Because the MphfLayer is independent of its data stores, new stores can be derived from existing ones without rebuilding the MPHF:

// count → presence/absence, parallel across (partition, layer)
for (p, l) in all_partition_layer_pairs().par_iter():
    count_store   = open PersistentCompactIntMatrix at (p, l)
    presence_store = PersistentBitMatrix::from_count_matrix(count_store, threshold, dir)

Other derivations: threshold a count matrix → binary presence matrix; union two presence matrices; merge two count matrices (saturating add, column-wise). All are local to one (partition, layer) pair.
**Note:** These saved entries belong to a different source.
(* Let $\alpha:X\to P(A\times X+1)$ be a discrete probabilistic transition system with $X$ finite, and let $x,y\in X$. Then the algorithm $\texttt{HKC}^\infty(x,y)$ described in the context terminates (for any order of extraction from $\mathit{todo}$), and it returns true if and only if $\langle\!\langle x\rangle\!\rangle=\langle\!\langle y\rangle\!\rangle$.
   Context: $A$ is a finite alphabet, $1=\{*\}$, $P(Y)$ the set of finitely supported probability distributions on $Y$, $\delta_x$ the point mass at $x$. $A^\infty=A^*\cup A^\omega$ with $\sigma$-algebra generated by $\{\emptyset\}\cup\{\{w\}\mid w\in A^*\}\cup\{wA^\infty\mid w\in A^*\}$. The trace semantics $\langle\!\langle x\rangle\!\rangle$ is the unique family of sub-probability measures on $A^\infty$ with $\langle\!\langle x\rangle\!\rangle(A^\infty)=1$, $\langle\!\langle x\rangle\!\rangle(\{\varepsilon\})=\alpha(x)( * )$, $\langle\!\langle x\rangle\!\rangle(awA^\infty)=\sum_y\alpha(x)(a,y)\langle\!\langle y\rangle\!\rangle(wA^\infty)$, $\langle\!\langle x\rangle\!\rangle(\{aw\})=\sum_y\alpha(x)(a,y)\langle\!\langle y\rangle\!\rangle(\{w\})$. On $\mathbb R^X$ define linear maps $\beta_1(u)=\sum_x u(x)$, $\beta_*(u)=\sum_x u(x)\alpha(x)( * )$, $\tau_a(u)(y)=\sum_x u(x)\alpha(x)(a,y)$. For $R\subseteq\mathbb R^X\times\mathbb R^X$, its congruence closure $c(R)$ is the smallest relation containing $R$ that is reflexive, symmetric, transitive, and closed under $(u,v)\mapsto(\lambda u,\lambda v)$ for $\lambda\in\mathbb R$ and under $(u,v),(u',v')\mapsto(u+u',v+v')$. Algorithm $\texttt{HKC}^\infty(x,y)$: set $R:=\emptyset$, $\mathit{todo}:=\{(\delta_x,\delta_y)\}$; while $\mathit{todo}\neq\emptyset$: extract a pair $(u,v)$ from $\mathit{todo}$; if $(u,v)\in c(R)$, continue with the next iteration; if $\beta_1(u)\neq\beta_1(v)$ or $\beta_*(u)\neq\beta_*(v)$, return false; for all $a\in A$ insert $(\tau_a(u),\tau_a(v))$ into $\mathit{todo}$; insert $(u,v)$ into $R$. When $\mathit{todo}$ is empty, return true. *)

theory Defs
  imports "HOL-Probability.Probability"
begin

(* A discrete probabilistic transition system alpha : X -> P(A x X + 1) is modelled as
   alpha :: 'x => ('a * 'x) option pmf, where None plays the role of the element * of 1.
   X and A are finite types, so every distribution is finitely supported. *)

(* A^infinity = A^* \<union> A^omega: finite words are Inl w, infinite words are Inr f. *)
type_synonym 'a word_inf = "'a list + (nat \<Rightarrow> 'a)"

definition cone :: "'a list \<Rightarrow> 'a word_inf set" where
  "cone w = {Inl v | v. \<exists>r. v = w @ r} \<union> {Inr f | f. \<forall>i < length w. f i = w ! i}"

definition inf_gens :: "'a word_inf set set" where
  "inf_gens = {{}} \<union> range (\<lambda>w. {Inl w}) \<union> range cone"

definition Ainf :: "'a word_inf measure" where
  "Ainf = sigma UNIV inf_gens"

definition is_trace_sem :: "('x::finite \<Rightarrow> ('a \<times> 'x) option pmf) \<Rightarrow> ('x \<Rightarrow> 'a word_inf measure) \<Rightarrow> bool" where
  "is_trace_sem \<alpha> tr \<longleftrightarrow>
     (\<forall>x. sets (tr x) = sets Ainf \<and> space (tr x) = space Ainf \<and>
        emeasure (tr x) UNIV = 1 \<and>
        emeasure (tr x) {Inl []} = ennreal (pmf (\<alpha> x) None) \<and>
        (\<forall>a w. emeasure (tr x) (cone (a # w)) =
            (\<Sum>y\<in>UNIV. ennreal (pmf (\<alpha> x) (Some (a, y))) * emeasure (tr y) (cone w))) \<and>
        (\<forall>a w. emeasure (tr x) {Inl (a # w)} =
            (\<Sum>y\<in>UNIV. ennreal (pmf (\<alpha> x) (Some (a, y))) * emeasure (tr y) {Inl w})))"

definition beta1 :: "('x::finite \<Rightarrow> real) \<Rightarrow> real" where
  "beta1 u = (\<Sum>x\<in>UNIV. u x)"

definition betastar :: "('x::finite \<Rightarrow> ('a \<times> 'x) option pmf) \<Rightarrow> ('x \<Rightarrow> real) \<Rightarrow> real" where
  "betastar \<alpha> u = (\<Sum>x\<in>UNIV. u x * pmf (\<alpha> x) None)"

definition tau :: "('x::finite \<Rightarrow> ('a \<times> 'x) option pmf) \<Rightarrow> 'a \<Rightarrow> ('x \<Rightarrow> real) \<Rightarrow> ('x \<Rightarrow> real)" where
  "tau \<alpha> a u = (\<lambda>y. \<Sum>x\<in>UNIV. u x * pmf (\<alpha> x) (Some (a, y)))"

definition dirac_vec :: "'x \<Rightarrow> ('x \<Rightarrow> real)" where
  "dirac_vec x = (\<lambda>z. if z = x then 1 else 0)"

inductive_set cclos :: "(('x \<Rightarrow> real) \<times> ('x \<Rightarrow> real)) set \<Rightarrow> (('x \<Rightarrow> real) \<times> ('x \<Rightarrow> real)) set"
  for R where
  base: "p \<in> R \<Longrightarrow> p \<in> cclos R"
| refl: "(u, u) \<in> cclos R"
| sym: "(u, v) \<in> cclos R \<Longrightarrow> (v, u) \<in> cclos R"
| trans: "(u, v) \<in> cclos R \<Longrightarrow> (v, w) \<in> cclos R \<Longrightarrow> (u, w) \<in> cclos R"
| scale: "(u, v) \<in> cclos R \<Longrightarrow> (\<lambda>z. c * u z, \<lambda>z. c * v z) \<in> cclos R"
| add: "(u, v) \<in> cclos R \<Longrightarrow> (u', v') \<in> cclos R \<Longrightarrow> (\<lambda>z. u z + u' z, \<lambda>z. v z + v' z) \<in> cclos R"

datatype 'x hkc_state =
    Running "(('x \<Rightarrow> real) \<times> ('x \<Rightarrow> real)) set" "(('x \<Rightarrow> real) \<times> ('x \<Rightarrow> real)) multiset"
  | Done bool

(* one iteration of the while loop; the extracted pair is chosen arbitrarily *)
inductive hkc_step :: "('x::finite \<Rightarrow> ('a::finite \<times> 'x) option pmf) \<Rightarrow> 'x hkc_state \<Rightarrow> 'x hkc_state \<Rightarrow> bool"
  for \<alpha> where
  finish: "hkc_step \<alpha> (Running R {#}) (Done True)"
| skip: "p \<in># todo \<Longrightarrow> p \<in> cclos R \<Longrightarrow>
     hkc_step \<alpha> (Running R todo) (Running R (todo - {#p#}))"
| fail: "(u, v) \<in># todo \<Longrightarrow> (u, v) \<notin> cclos R \<Longrightarrow>
     beta1 u \<noteq> beta1 v \<or> betastar \<alpha> u \<noteq> betastar \<alpha> v \<Longrightarrow>
     hkc_step \<alpha> (Running R todo) (Done False)"
| expand: "(u, v) \<in># todo \<Longrightarrow> (u, v) \<notin> cclos R \<Longrightarrow>
     beta1 u = beta1 v \<Longrightarrow> betastar \<alpha> u = betastar \<alpha> v \<Longrightarrow>
     hkc_step \<alpha> (Running R todo)
       (Running (insert (u, v) R)
          ((todo - {#(u, v)#}) + image_mset (\<lambda>a. (tau \<alpha> a u, tau \<alpha> a v)) (mset_set (UNIV :: 'a set))))"

definition hkc_init :: "'x \<Rightarrow> 'x \<Rightarrow> 'x hkc_state" where
  "hkc_init x y = Running {} {#(dirac_vec x, dirac_vec y)#}"

end

theory Submission
  imports Defs
begin

text \<open>
  A vector \<open>u \<in> \<real>\<^sup>X\<close> is paired with the functions \<open>x \<mapsto> \<langle>\<langle>x\<rangle>\<rangle>(w A\<^sup>\<infinity>)\<close> and
  \<open>x \<mapsto> \<langle>\<langle>x\<rangle>\<rangle>({w})\<close>; two vectors are trace equivalent when all these pairings agree.
  The defining equations of the trace semantics say that the pairings for \<open>\<epsilon>\<close> are \<open>\<beta>\<^sub>1\<close>
  and \<open>\<beta>\<^sub>*\<close>, and that those for \<open>a w\<close> are the ones for \<open>w\<close> precomposed with \<open>\<tau>\<^sub>a\<close>.
  Hence, if \<open>\<langle>\<langle>x\<rangle>\<rangle> = \<langle>\<langle>y\<rangle>\<rangle>\<close>, every pair ever put into \<open>todo\<close> is trace equivalent and the
  algorithm cannot fail. Conversely, when it returns true, \<open>R\<close> progresses to \<open>c(R)\<close>;
  pairings are linear, so by induction on \<open>w\<close> all of them agree on \<open>c(R)\<close>, in particular
  on \<open>(\<delta>\<^sub>x, \<delta>\<^sub>y)\<close>, and the two measures agree on an \<open>\<inter>\<close>-stable generator of the
  \<open>\<sigma>\<close>-algebra. Termination: \<open>c(R)\<close> contains every \<open>(u, v)\<close> with \<open>u - v\<close> in the span of
  the differences of pairs in \<open>R\<close>, so each pair added to \<open>R\<close> raises the dimension of
  that span, which is bounded by \<open>|X|\<close>; between two such steps \<open>todo\<close> shrinks.
\<close>

section \<open>Congruence closure and linear functionals\<close>

lemma cclos_subset_cclos:
  assumes "S \<subseteq> cclos S'"
  shows "cclos S \<subseteq> cclos S'"
proof
  fix p assume "p \<in> cclos S"
  then show "p \<in> cclos S'"
    by induction (use assms in \<open>auto intro: cclos.intros\<close>)
qed

lemma cclos_mono: "S \<subseteq> S' \<Longrightarrow> cclos S \<subseteq> cclos S'"
  by (rule cclos_subset_cclos) (auto intro: cclos.base)

lemma cclos_insert_absorb:
  assumes "p \<in> cclos S"
  shows "cclos (insert p S) = cclos S"
  using cclos_subset_cclos[of "insert p S" S] cclos_mono[of S "insert p S"] assms
  by (auto intro: cclos.base)

lemma cclos_linear_eq:
  assumes "(u, v) \<in> cclos R" "\<forall>(u', v')\<in>R. F u' = F v'"
    and "\<And>c u. F (\<lambda>z. c * u z) = c * F u"
    and "\<And>u u'. F (\<lambda>z. u z + u' z) = F u + F u'"
  shows "F u = F v"
proof -
  have "F (fst p) = F (snd p)" if "p \<in> cclos R" for p
    using that by induction (use assms(2-4) in auto)
  from this[OF assms(1)] show ?thesis by simp
qed

definition pairing :: "('x::finite \<Rightarrow> real) \<Rightarrow> ('x \<Rightarrow> real) \<Rightarrow> real" where
  "pairing g u = (\<Sum>x\<in>UNIV. u x * g x)"

lemma pairing_cclos_eq:
  assumes "(u, v) \<in> cclos R" "\<forall>(u', v')\<in>R. pairing g u' = pairing g v'"
  shows "pairing g u = pairing g v"
  by (rule cclos_linear_eq[OF assms])
    (simp_all add: pairing_def sum_distrib_left sum.distrib algebra_simps)

lemma pairing_dirac_vec: "pairing g (dirac_vec x) = g x"
proof -
  have delta: "(\<lambda>z. dirac_vec x z * g z) = (\<lambda>z. if x = z then g z else 0)"
    by (auto simp: dirac_vec_def)
  show ?thesis
    unfolding pairing_def delta by simp
qed

lemma pairing_tau:
  assumes "\<And>x. g' x = (\<Sum>y\<in>UNIV. pmf (\<alpha> x) (Some (a, y)) * g y)"
  shows "pairing g' u = pairing g (tau \<alpha> a u)"
proof -
  have "pairing g' u = (\<Sum>x\<in>UNIV. \<Sum>y\<in>UNIV. u x * pmf (\<alpha> x) (Some (a, y)) * g y)"
    unfolding pairing_def assms by (simp add: sum_distrib_left mult.assoc)
  also have "\<dots> = (\<Sum>y\<in>UNIV. \<Sum>x\<in>UNIV. u x * pmf (\<alpha> x) (Some (a, y)) * g y)"
    by (rule sum.swap)
  also have "\<dots> = pairing g (tau \<alpha> a u)"
    unfolding pairing_def tau_def by (simp add: sum_distrib_right)
  finally show ?thesis .
qed

section \<open>Trace semantics\<close>

definition cone_prob :: "('x \<Rightarrow> 'a word_inf measure) \<Rightarrow> 'a list \<Rightarrow> 'x \<Rightarrow> real" where
  "cone_prob tr w x = measure (tr x) (cone w)"

definition word_prob :: "('x \<Rightarrow> 'a word_inf measure) \<Rightarrow> 'a list \<Rightarrow> 'x \<Rightarrow> real" where
  "word_prob tr w x = measure (tr x) {Inl w}"

lemma cone_Nil: "cone [] = UNIV"
proof -
  have "z \<in> cone []" for z :: "'a word_inf"
    by (cases z) (auto simp: cone_def)
  then show ?thesis by auto
qed

lemma space_Ainf: "space Ainf = UNIV"
  unfolding Ainf_def by (simp add: space_measure_of_conv)

lemma sets_Ainf: "sets Ainf = sigma_sets UNIV inf_gens"
  unfolding Ainf_def by (rule sets_measure_of) simp

lemma finite_measure_trace_sem:
  assumes "is_trace_sem \<alpha> tr"
  shows "finite_measure (tr x)"
  using assms by (intro finite_measureI) (simp add: is_trace_sem_def space_Ainf)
Relationship to current implementation

The current obilayeredmap crate implements a subset of this architecture. Key divergences:

  • Layer<D: LayerData> fuses MphfLayer and one DataStore into a single generic type. Multiple data stores on the same MPHF are not supported.
  • LayerData::open(dir) embeds the path convention (counts/, presence/) inside the store type, preventing the PartitionedIndex from managing paths externally.
  • LayeredDataStore and PartitionedDataStore do not yet exist; LayeredMap is a single-partition structure without a distance matrix API.
  • The partial distance methods exist on PersistentCompactIntMatrix and PersistentBitMatrix and are tested; they are not yet composed across layers and partitions.

Planned refactoring:

  1. Extract MphfLayer from Layer<D> as an autonomous type.
  2. Replace LayerData trait with DataStore trait (no path knowledge).
  3. Implement LayeredCompactIntMatrix / LayeredBitMatrix with the partial + full distance APIs described above.
  4. Implement PartitionedCompactIntMatrix / PartitionedBitMatrix with two-pass support for normalised metrics.
  5. Implement PartitionedIndex for point queries with parallel dispatch.